Directions for this task →
Lines of the data that contain the word "nbrs" are the ones to copy.

BEGIN Material shown

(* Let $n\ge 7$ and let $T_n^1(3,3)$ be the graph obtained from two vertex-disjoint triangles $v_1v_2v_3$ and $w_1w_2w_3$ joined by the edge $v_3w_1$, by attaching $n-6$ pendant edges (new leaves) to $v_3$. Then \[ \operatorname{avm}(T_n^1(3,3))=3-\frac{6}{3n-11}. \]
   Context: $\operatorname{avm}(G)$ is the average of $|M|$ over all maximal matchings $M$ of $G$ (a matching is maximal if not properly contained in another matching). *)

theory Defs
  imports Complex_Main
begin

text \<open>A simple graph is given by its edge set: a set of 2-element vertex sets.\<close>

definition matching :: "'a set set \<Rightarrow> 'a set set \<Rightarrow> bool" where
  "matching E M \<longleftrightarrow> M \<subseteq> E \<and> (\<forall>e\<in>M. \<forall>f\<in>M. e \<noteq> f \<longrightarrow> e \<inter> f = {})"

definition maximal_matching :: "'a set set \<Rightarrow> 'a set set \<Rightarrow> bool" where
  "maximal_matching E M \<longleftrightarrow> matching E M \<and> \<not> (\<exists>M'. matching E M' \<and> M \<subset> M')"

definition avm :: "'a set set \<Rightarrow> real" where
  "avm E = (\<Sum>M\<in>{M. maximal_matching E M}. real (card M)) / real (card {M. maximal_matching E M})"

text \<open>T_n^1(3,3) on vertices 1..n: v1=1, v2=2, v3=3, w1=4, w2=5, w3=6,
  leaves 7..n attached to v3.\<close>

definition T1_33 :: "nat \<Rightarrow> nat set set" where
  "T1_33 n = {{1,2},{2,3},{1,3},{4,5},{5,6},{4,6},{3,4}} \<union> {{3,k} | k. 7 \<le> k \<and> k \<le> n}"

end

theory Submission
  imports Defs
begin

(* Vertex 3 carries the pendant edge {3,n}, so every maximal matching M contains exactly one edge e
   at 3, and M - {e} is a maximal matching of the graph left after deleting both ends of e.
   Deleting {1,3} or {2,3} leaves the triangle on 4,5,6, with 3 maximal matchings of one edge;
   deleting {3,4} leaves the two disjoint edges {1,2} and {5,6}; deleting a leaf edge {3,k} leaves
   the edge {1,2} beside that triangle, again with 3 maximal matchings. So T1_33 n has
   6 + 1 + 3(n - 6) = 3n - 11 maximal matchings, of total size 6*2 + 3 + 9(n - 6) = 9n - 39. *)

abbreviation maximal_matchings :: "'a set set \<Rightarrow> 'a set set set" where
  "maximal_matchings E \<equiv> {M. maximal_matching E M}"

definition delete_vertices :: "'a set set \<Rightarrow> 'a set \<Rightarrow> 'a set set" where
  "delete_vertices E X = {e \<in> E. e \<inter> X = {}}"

END Material shown
BEGIN Material shown

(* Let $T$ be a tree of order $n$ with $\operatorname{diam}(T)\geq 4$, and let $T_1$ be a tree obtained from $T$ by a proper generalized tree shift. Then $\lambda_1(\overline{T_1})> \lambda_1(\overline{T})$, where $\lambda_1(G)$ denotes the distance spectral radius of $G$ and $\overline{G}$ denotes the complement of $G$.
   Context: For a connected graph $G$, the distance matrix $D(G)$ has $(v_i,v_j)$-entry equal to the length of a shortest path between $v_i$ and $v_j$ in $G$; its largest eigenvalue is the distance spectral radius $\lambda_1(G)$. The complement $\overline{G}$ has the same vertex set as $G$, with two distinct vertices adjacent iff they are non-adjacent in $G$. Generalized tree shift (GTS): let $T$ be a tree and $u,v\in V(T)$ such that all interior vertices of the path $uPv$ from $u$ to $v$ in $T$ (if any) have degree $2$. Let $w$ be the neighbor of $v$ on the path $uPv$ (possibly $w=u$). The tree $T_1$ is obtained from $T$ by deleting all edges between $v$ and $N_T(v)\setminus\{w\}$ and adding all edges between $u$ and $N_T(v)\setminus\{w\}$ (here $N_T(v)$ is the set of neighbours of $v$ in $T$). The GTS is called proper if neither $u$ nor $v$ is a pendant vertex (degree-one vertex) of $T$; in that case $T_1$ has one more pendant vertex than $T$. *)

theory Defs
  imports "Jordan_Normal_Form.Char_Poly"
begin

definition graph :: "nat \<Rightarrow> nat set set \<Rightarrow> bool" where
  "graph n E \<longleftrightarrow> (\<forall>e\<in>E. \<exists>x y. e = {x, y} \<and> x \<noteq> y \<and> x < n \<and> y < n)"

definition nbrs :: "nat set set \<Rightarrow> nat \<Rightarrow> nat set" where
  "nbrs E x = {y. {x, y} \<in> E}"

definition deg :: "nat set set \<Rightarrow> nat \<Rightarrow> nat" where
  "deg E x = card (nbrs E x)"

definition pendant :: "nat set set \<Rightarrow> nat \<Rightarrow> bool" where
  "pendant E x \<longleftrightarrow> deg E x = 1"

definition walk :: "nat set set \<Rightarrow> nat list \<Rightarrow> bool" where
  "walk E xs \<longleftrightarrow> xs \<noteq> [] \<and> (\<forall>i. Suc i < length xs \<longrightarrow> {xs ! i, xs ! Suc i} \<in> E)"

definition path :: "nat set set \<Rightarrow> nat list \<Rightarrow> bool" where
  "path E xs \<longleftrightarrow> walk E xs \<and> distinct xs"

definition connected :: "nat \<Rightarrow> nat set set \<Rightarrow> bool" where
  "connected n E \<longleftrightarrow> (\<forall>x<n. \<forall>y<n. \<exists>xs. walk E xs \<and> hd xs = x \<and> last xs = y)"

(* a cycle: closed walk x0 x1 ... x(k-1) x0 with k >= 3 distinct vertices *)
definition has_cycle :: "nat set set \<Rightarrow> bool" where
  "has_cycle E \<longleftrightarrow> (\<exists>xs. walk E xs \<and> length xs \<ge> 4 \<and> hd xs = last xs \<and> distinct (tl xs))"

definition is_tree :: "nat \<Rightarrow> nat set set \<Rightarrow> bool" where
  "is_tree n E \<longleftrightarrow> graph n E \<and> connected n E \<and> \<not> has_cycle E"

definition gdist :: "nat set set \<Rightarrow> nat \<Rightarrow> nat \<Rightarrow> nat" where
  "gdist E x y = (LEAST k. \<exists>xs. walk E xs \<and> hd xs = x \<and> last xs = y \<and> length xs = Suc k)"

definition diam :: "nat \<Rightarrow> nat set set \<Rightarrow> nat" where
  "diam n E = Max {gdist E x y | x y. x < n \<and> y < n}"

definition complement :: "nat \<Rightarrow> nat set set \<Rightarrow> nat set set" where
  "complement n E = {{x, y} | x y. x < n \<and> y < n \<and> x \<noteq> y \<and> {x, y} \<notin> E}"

END Material shown
BEGIN Material shown

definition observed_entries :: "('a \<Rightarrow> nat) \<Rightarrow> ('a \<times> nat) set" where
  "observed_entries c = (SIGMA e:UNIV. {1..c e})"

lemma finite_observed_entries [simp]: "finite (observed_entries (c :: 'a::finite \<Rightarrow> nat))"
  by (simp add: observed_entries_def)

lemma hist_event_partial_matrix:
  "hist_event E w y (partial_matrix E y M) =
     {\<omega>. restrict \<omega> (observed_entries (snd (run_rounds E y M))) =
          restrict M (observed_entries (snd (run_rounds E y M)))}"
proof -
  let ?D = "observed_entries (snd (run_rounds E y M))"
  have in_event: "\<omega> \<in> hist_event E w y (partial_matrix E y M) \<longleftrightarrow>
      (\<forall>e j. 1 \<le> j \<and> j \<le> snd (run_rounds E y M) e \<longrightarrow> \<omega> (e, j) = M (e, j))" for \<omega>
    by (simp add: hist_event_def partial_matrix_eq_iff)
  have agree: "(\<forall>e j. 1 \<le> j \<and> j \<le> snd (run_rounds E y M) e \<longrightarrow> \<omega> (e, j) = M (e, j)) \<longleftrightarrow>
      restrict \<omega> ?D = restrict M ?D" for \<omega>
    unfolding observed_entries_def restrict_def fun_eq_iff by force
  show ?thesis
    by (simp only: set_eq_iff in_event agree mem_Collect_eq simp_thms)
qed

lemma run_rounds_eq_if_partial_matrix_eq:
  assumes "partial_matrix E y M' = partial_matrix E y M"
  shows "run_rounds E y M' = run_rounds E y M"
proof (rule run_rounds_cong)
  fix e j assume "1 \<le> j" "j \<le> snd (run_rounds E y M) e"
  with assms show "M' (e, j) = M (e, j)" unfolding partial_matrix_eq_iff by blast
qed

END Material shown

Finished exercise →
definition nbrs :: "nat set set \<Rightarrow> nat \<Rightarrow> nat set" where
  "nbrs E x = {y. {x, y} \<in> E}"
  "deg E x = card (nbrs E x)"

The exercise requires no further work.